Submission of the full proposal is via mySNF. Submission of an IICT grant proposal is more extensive than for normal project funding. We strongly suggest to start the submission process at least two weeks before the submission deadline (Nov 1st, 2024 17:00) i.e., start mid October.

Once your proposal is submitted, we will fix two dates for meetings to discuss the rebuttal (see below).

All proposals that meet formal requirements (checked by Swiss National Science Foundation internally) are sent out for international peer review. From experience, you will receive at least four written peer reviews one of which is from a biostatistician.

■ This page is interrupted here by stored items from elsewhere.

(* Let $\Omega\subset\mathbb{R}^n$ be a domain, $-\infty<a<b<\infty$, and $p:\Omega\times[a,b]\to\mathbb{R}$ such that $p(\cdot,t)\in C^1(\Omega)$ for every $t\in[a,b]$ and $\nabla p$ is continuous on $\Omega\times[a,b]$. Let $U\subset\Omega$ be a subdomain with $|U|<\infty$ and $1<q<\infty$ such that $(p-p_U)|_U\in L^\infty(a,b;L^q(U))$, where $p_U(t)=|U|^{-1}\int_Up(x,t)\,dx$. Then $(x,t)\mapsto p(x,t)-p_U(t)$ is continuous on $\Omega\times[a,b]$.
   Context: A domain is an open connected subset of $\mathbb{R}^n$; $\nabla p$ denotes the spatial gradient; $|U|$ the Lebesgue measure of $U$. *)

theory Defs
  imports "HOL-Analysis.Analysis"
begin

definition domain :: "'a::euclidean_space set \<Rightarrow> bool" where
  "domain \<Omega> \<longleftrightarrow> open \<Omega> \<and> connected \<Omega> \<and> \<Omega> \<noteq> {}"

definition mean_over :: "'a::euclidean_space set \<Rightarrow> ('a \<Rightarrow> real) \<Rightarrow> real" where
  "mean_over U g = (\<integral>x\<in>U. g x \<partial>lebesgue) / measure lebesgue U"

definition Lq_on :: "real \<Rightarrow> 'a::euclidean_space set \<Rightarrow> ('a \<Rightarrow> real) \<Rightarrow> bool" where
  "Lq_on q U g \<longleftrightarrow> g \<in> borel_measurable (lebesgue_on U)
      \<and> integrable (lebesgue_on U) (\<lambda>x. \<bar>g x\<bar> powr q)"

definition simple_Lq_valued ::
  "real \<Rightarrow> real \<Rightarrow> 'a::euclidean_space set \<Rightarrow> real \<Rightarrow> (real \<Rightarrow> 'a \<Rightarrow> real) \<Rightarrow> bool" where
  "simple_Lq_valued a b U q s \<longleftrightarrow>
     (\<exists>I::nat set. \<exists>A g. finite I \<and>
        (\<forall>i\<in>I. A i \<in> sets lebesgue \<and> A i \<subseteq> {a..b} \<and> Lq_on q U (g i)) \<and>
        (\<forall>t x. s t x = (\<Sum>i\<in>I. indicator (A i) t * g i x)))"

text \<open>Bochner space L^\<infinity>(a,b;L^q(U)): strongly measurable (a.e. limit of simple
  functions in L^q(U)-norm), values a.e. in L^q(U), essentially bounded norm.\<close>
definition Linf_Lq ::
  "real \<Rightarrow> real \<Rightarrow> 'a::euclidean_space set \<Rightarrow> real \<Rightarrow> (real \<Rightarrow> 'a \<Rightarrow> real) \<Rightarrow> bool" where
  "Linf_Lq a b U q f \<longleftrightarrow>
     (AE t in lebesgue_on {a..b}. Lq_on q U (f t)) \<and>
     (\<exists>s. (\<forall>k. simple_Lq_valued a b U q (s k)) \<and>
        (AE t in lebesgue_on {a..b}.
           (\<lambda>k. \<integral>x. \<bar>s k t x - f t x\<bar> powr q \<partial>lebesgue_on U) \<longlonglongrightarrow> 0)) \<and>
     (\<exists>C. AE t in lebesgue_on {a..b}. (\<integral>x. \<bar>f t x\<bar> powr q \<partial>lebesgue_on U) \<le> C)"

end

theory Submission
  imports Defs
begin

text \<open>Fix \<open>x\<^sub>0 \<in> U\<close>. The function \<open>D(x,t) = p(x,t) - p(x\<^sub>0,t)\<close> is jointly continuous:
  near any point the continuous gradient makes \<open>D(\<cdot>,t)\<close> Lipschitz uniformly in \<open>t\<close>, and
  \<open>t \<mapsto> D(y,t)\<close> is continuous because, by the mean value theorem applied to
  \<open>p(\<cdot>,t') - p(\<cdot>,t)\<close>, this holds for \<open>y\<close> in a ball around any base point, and connectedness
  of \<open>\<Omega>\<close> propagates it. Since \<open>p - p\<^sub>U = D - D\<^sub>U\<close>, it remains to show that \<open>c(t) = D\<^sub>U(t)\<close>
  is continuous. Given \<open>t\<close> and \<open>\<epsilon>\<close>, take a compact \<open>K \<subseteq> U\<close> carrying almost all of \<open>U\<close>
  and of \<open>\<integral>|D(\<cdot>,t) - c(t)|\<close>. On \<open>K\<close>, \<open>D(\<cdot>,s)\<close> is uniformly close to \<open>D(\<cdot>,t)\<close> for \<open>s\<close>
  near \<open>t\<close>; on \<open>U - K\<close>, the contribution of \<open>D(\<cdot>,s) - c(s)\<close> is controlled by the uniform
  \<open>L\<^sup>q\<close> bound through \<open>y \<le> \<lambda> + y\<^sup>q \<lambda>\<^sup>1\<^sup>-\<^sup>q\<close>. Hence \<open>|c(s) - c(t)| \<le> \<epsilon>\<close> for almost every
  \<open>s\<close> near \<open>t\<close>, and such \<open>s\<close> are dense.\<close>

lemma differentiable_bound_inner:
  fixes g :: "'a::euclidean_space \<Rightarrow> real"
  assumes "convex S"
    and "\<And>z. z \<in> S \<Longrightarrow> (g has_derivative (\<lambda>h. G z \<bullet> h)) (at z)"
    and "\<And>z. z \<in> S \<Longrightarrow> norm (G z) \<le> B"
    and "x \<in> S" "y \<in> S"
  shows "\<bar>g x - g y\<bar> \<le> B * norm (x - y)"
proof -
  have "norm (g x - g y) \<le> B * norm (x - y)"
  proof (rule differentiable_bound[OF \<open>convex S\<close> _ _ \<open>x \<in> S\<close> \<open>y \<in> S\<close>])
    fix z assume z: "z \<in> S"
    show "(g has_derivative (\<lambda>h. G z \<bullet> h)) (at z within S)"
      using assms(2)[OF z] by (rule has_derivative_at_withinI)
    show "onorm (\<lambda>h. G z \<bullet> h) \<le> B"
    proof (rule onorm_le)
      fix h show "norm (G z \<bullet> h) \<le> B * norm h"
        using Cauchy_Schwarz_ineq2[of "G z" h] assms(3)[OF z]
        by (simp add: mult_right_mono order_trans)
    qed
  qed
  then show ?thesis by simp
qed

lemma compact_uniform_continuity_in_parameter:
  fixes f :: "'a::metric_space \<Rightarrow> 'b::metric_space \<Rightarrow> 'c::metric_space"
  assumes "compact K" "compact T" "continuous_on (K \<times> T) (\<lambda>(x, t). f x t)" "e > 0"
  obtains d where "d > 0"
    "\<And>x s t. x \<in> K \<Longrightarrow> s \<in> T \<Longrightarrow> t \<in> T \<Longrightarrow> dist s t < d \<Longrightarrow> dist (f x s) (f x t) < e"
proof -
  have "uniformly_continuous_on (K \<times> T) (\<lambda>(x, t). f x t)"
    using assms by (intro compact_uniformly_continuous) (auto simp: compact_Times)
  then obtain d where "d > 0" and d: "\<And>u v. u \<in> K \<times> T \<Longrightarrow> v \<in> K \<times> T \<Longrightarrow> dist v u < d
      \<Longrightarrow> dist ((\<lambda>(x, t). f x t) v) ((\<lambda>(x, t). f x t) u) < e"
    using \<open>e > 0\<close> unfolding uniformly_continuous_on_def by metis
  show ?thesis
  proof (rule that[OF \<open>d > 0\<close>])
    fix x s t assume "x \<in> K" "s \<in> T" "t \<in> T" "dist s t < d"
    then show "dist (f x s) (f x t) < e"
      using d[of "(x, t)" "(x, s)"] by (simp add: dist_Pair_Pair)
  qed
qed

lemma le_add_powr_mult_powr:
  fixes y l q :: real
  assumes "y \<ge> 0" "l > 0" "q > 1"
  shows "y \<le> l + y powr q * l powr (1 - q)"
proof (cases "y \<le> l")
  case True
  then show ?thesis by (simp add: add_increasing2)
next
  case False
  then have "y = y powr q * y powr (1 - q)"
    using assms by (simp add: powr_add[symmetric])
  also have "\<dots> \<le> y powr q * l powr (1 - q)"
    using False assms by (intro mult_left_mono powr_mono2') auto
  finally show ?thesis using assms by simp
qed

lemma exists_pos_mult_powr_less:
  fixes C q \<delta> :: real
  assumes "q > 1" "\<delta> > 0"
  shows "\<exists>l>0. C * l powr (1 - q) < \<delta>"
proof -
  have "((\<lambda>l. C * l powr (1 - q)) \<longlongrightarrow> 0) at_top"
    using \<open>q > 1\<close> by (intro tendsto_mult_right_zero tendsto_neg_powr filterlim_ident) auto
  then have "eventually (\<lambda>l. l > 0 \<and> C * l powr (1 - q) < \<delta>) at_top"
    using \<open>\<delta> > 0\<close> by (intro eventually_conj eventually_gt_at_top order_tendstoD(2))
  then show ?thesis
    by (auto simp: eventually_at_top_linorder)
qed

The Swiss National Science Foundation will forward you the reviews beginning of March 2025 and asks you to provide a rebuttal letter within two weeks. This rebuttal should be a point-by-point discussion of the points raised by the peer reviewers. Note that no changes to the proposal are possible at this stage. The rebuttal can only clarify misunderstandings or provide further explanations and justifications for certain design choices.

We suggest to have at least two meetings for the rebuttal: one at the beginning of the two weeks to go through the comments, discuss possible responses, and distribute responsibilities for drafting the response to the different points, and one at the end of the two weeks to finalize the letter.

The rebuttal letter must be submitted via mySNF (not the SNSF Portal).

The full proposals with the accompanying peer reviews and the rebuttal are discussed by a dedicated, international panel of clinical research experts (clinical researchers, biostatisticians, (clinical) epidemiologists, …). The panel provides recommendations to the Research Council which makes the funding decisions.

The decision will be communicated in writing during the second half of June 2025.

If your project is funded, the official start of the funding period must be between July 2025 and June 2026. Activities (e.g., drafting the trial protocol or other documents) can be started even before the official start of the funding period given that you have enough resources.